-- Information supplied --
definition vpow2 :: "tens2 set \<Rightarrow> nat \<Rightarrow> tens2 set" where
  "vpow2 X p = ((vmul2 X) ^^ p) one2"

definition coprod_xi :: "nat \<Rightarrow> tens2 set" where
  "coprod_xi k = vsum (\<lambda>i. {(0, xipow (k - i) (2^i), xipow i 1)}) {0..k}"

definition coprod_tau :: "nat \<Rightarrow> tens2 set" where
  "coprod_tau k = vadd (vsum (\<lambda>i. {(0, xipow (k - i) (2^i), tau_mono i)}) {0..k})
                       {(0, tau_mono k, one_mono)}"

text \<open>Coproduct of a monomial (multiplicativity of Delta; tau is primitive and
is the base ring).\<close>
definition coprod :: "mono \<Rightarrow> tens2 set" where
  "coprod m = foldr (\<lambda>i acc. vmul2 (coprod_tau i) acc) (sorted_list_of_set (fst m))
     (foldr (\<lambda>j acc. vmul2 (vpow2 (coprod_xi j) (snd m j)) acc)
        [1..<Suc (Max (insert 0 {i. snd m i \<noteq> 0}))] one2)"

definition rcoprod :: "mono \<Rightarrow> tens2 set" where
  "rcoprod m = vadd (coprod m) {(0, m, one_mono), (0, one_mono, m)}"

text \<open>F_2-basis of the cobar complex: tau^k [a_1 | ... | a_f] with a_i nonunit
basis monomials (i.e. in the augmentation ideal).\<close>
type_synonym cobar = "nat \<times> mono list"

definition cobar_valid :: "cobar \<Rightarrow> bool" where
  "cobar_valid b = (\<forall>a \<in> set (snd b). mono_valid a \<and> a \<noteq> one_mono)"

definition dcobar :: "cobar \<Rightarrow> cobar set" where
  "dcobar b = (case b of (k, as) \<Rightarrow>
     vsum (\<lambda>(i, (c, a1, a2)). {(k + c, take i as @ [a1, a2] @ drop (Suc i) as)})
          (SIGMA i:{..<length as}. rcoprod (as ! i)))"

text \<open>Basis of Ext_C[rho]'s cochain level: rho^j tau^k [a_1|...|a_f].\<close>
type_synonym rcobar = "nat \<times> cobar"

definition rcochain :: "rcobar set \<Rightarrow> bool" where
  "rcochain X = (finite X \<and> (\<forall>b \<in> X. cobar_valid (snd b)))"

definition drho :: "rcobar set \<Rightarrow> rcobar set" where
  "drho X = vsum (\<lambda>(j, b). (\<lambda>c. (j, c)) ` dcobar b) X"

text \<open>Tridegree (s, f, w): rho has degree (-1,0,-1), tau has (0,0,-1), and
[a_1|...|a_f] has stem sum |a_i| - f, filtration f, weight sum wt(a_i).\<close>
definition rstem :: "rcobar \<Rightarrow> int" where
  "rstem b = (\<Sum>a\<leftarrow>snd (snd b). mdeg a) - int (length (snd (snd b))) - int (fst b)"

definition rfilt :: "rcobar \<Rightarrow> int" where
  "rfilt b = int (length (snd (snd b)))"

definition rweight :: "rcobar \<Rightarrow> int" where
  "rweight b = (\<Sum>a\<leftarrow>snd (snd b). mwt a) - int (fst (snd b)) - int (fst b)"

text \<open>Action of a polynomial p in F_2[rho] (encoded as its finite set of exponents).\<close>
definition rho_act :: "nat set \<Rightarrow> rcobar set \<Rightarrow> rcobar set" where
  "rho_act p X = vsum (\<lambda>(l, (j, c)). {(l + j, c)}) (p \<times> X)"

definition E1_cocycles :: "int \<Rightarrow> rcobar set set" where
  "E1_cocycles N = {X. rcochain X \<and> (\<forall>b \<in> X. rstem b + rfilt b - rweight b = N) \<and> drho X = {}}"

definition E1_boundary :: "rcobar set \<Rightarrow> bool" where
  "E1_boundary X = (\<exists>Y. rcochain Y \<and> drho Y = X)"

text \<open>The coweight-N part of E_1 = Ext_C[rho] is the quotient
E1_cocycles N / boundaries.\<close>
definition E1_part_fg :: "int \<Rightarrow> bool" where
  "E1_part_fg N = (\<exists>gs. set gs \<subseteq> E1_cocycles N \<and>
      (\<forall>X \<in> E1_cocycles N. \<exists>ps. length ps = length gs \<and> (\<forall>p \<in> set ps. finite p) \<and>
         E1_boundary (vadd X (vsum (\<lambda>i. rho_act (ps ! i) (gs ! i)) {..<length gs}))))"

-- Prompt --
Nothing but a number is required: the number of lines in the material holding the string "vsum".

-- Result --
6